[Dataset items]
┄┄┄┄┄┄

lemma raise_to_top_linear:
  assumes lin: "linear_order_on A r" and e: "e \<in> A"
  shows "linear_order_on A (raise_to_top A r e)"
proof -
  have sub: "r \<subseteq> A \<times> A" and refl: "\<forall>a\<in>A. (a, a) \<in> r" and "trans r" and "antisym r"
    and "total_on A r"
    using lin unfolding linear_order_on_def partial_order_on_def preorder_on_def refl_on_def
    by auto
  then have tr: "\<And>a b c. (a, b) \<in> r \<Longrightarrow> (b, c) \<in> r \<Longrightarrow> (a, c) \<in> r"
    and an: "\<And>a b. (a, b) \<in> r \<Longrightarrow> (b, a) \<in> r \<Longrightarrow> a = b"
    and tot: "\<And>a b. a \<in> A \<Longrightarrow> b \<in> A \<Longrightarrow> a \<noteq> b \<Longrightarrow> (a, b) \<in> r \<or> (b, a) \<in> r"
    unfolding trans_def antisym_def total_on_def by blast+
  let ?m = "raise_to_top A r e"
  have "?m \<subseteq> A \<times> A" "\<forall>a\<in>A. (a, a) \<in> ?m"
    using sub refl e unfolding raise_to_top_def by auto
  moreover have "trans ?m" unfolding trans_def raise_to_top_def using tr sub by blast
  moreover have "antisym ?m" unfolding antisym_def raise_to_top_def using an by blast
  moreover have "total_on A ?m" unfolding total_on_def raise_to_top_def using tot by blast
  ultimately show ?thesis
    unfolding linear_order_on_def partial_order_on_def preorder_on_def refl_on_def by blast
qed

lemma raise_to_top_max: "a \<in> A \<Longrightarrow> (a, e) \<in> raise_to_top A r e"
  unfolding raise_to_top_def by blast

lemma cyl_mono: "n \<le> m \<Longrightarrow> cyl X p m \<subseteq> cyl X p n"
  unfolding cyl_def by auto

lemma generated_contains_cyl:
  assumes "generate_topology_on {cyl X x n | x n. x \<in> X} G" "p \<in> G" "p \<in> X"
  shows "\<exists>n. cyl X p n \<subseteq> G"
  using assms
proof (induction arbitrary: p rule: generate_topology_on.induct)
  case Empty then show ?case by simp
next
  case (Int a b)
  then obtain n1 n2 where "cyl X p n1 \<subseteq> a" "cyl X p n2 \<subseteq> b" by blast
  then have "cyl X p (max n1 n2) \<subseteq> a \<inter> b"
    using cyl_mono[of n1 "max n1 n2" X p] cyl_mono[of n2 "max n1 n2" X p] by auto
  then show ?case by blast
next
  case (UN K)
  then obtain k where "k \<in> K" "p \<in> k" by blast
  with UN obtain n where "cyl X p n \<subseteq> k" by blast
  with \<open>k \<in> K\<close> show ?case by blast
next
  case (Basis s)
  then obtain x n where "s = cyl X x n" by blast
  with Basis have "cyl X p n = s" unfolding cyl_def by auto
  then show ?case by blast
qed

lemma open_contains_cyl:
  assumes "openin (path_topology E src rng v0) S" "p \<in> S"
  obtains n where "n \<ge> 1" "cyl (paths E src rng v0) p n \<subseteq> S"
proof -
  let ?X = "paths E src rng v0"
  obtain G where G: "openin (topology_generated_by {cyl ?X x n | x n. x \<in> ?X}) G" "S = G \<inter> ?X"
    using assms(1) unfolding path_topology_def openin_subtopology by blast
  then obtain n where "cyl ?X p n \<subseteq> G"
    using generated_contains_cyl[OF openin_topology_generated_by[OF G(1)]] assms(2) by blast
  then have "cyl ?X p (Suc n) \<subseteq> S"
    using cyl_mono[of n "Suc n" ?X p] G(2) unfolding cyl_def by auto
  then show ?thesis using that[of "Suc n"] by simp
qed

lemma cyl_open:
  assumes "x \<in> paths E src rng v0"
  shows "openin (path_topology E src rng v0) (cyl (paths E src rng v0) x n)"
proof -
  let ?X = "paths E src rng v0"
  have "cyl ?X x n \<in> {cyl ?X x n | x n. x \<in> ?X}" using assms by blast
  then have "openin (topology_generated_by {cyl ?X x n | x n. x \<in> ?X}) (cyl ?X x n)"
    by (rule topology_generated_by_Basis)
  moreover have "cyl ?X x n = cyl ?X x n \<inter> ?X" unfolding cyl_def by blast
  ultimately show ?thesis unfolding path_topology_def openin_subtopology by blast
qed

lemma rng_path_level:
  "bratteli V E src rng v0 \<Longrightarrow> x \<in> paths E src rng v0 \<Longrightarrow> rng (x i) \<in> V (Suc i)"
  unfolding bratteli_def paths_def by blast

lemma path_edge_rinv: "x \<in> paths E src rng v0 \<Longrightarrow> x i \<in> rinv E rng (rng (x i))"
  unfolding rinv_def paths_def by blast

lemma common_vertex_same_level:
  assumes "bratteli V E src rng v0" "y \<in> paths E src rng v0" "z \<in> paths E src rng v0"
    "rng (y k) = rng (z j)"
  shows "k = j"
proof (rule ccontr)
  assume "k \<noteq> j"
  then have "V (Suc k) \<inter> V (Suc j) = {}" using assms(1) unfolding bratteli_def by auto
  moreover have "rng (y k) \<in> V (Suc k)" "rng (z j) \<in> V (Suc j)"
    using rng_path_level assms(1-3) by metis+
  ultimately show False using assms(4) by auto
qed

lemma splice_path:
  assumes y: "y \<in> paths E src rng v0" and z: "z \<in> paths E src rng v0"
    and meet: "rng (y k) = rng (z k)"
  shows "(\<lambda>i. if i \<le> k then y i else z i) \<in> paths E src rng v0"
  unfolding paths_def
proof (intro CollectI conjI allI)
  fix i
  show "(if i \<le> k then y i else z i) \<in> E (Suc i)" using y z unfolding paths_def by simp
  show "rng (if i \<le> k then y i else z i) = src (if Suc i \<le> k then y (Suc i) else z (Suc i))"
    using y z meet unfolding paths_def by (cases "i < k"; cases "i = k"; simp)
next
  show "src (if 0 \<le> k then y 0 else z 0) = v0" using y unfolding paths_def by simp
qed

┄┄┄┄┄┄

=== Task item ===
Say only the number of lines above holding "subseteq".

=== Answer for this exercise ===
10